First and foremost, we have focused on efficiency -- making sure that the technology we have built and use is as efficient as possible, which helps with all four components: those for which Netflix is responsible, and those associated with ISP operations and consumer choices.  Then we have focused on procuring renewables or offsets for the power that our own systems consume.

AWS Footprint

Because Netflix relies more heavily on AWS regions that are powered primarily by renewable energy (including the carbon-neutral Oregon region), our energy mix is approximately 50% from renewable sources today. We mitigate all of the remaining carbon emissions, which added up to approximately 10,200 tons of CO2e in 2014, by investing in renewable energy credits (RECs) in the geographic areas that host our cloud footprint; last year, the majority went to RECs for wind projects in North America, with the remainder going to Guarantees of Origin (GOs) for hydropower in Europe.
Purchasing renewable energy credits (RECs) allows us to be carbon-neutral in the cloud, but our main strategy is to be more efficient and consume less energy in the first place.

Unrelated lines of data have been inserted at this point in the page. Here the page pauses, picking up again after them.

lemma sparse_power_sum_coeffs_zero:
  fixes r :: real and w :: "nat \<Rightarrow> real"
  assumes r: "3 < \<bar>r\<bar>" and S: "finite S" "card S \<le> 3"
    and vanish: "\<forall>t\<in>{r, inverse r, -1}. (\<Sum>i\<in>S. w i * t^i) = 0"
  shows "\<forall>i\<in>S. w i = 0"
proof -
  obtain x y z where xyz: "x < y" "y < z" and sub: "S \<subseteq> {x, y, z}"
    using subset_sorted_triple[OF S] .
  define w' where "w' i = (if i \<in> S then w i else 0)" for i
  have sum_triple: "(\<Sum>i\<in>S. w i * t^i) = w' x * t^x + w' y * t^y + w' z * t^z" for t :: real
  proof -
    have "(\<Sum>i\<in>S. w i * t^i) = (\<Sum>i\<in>{x, y, z}. w' i * t^i)"
      using sub by (intro sum.mono_neutral_cong_left) (simp_all add: w'_def)
    also have "\<dots> = w' x * t^x + w' y * t^y + w' z * t^z"
      using xyz by (simp add: add.assoc)
    finally show ?thesis .
  qed
  have "\<forall>t\<in>{r, inverse r, -1}. w' x * t^x + w' y * t^y + w' z * t^z = 0"
    using vanish unfolding sum_triple .
  then have "w' x = 0 \<and> w' y = 0 \<and> w' z = 0"
    by (rule three_term_power_sum_coeffs_zero[OF r xyz])
  then show ?thesis using sub by (auto simp: w'_def)
qed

Back in the data center days, long provisioning cycles and spikes in customer demand required us to maintain large capacity buffers that went unused most of the time: overall server utilization percentage was in the single digits. Thanks to the elasticity of the cloud, we are able to instantaneously grow and shrink our capacity along with customer demand, generally keeping our server utilization above 50%. This brought significant benefits to our bottom line (moving to the cloud reduced our server-side costs per streaming hour by 85%), but also allowed us to drastically improve our carbon efficiency.
Open Connect Footprint
Open Connect, the Netflix Content Delivery Network, was designed with power efficiency in mind. Today, the entirety of Netflix’s Content Delivery servers consume 1.4 Megawatts of power. While these servers are located in hundreds of locations across the globe, a majority of them are in major colocation vendors with similar interest as ours in ensuring a bright future for renewable energy.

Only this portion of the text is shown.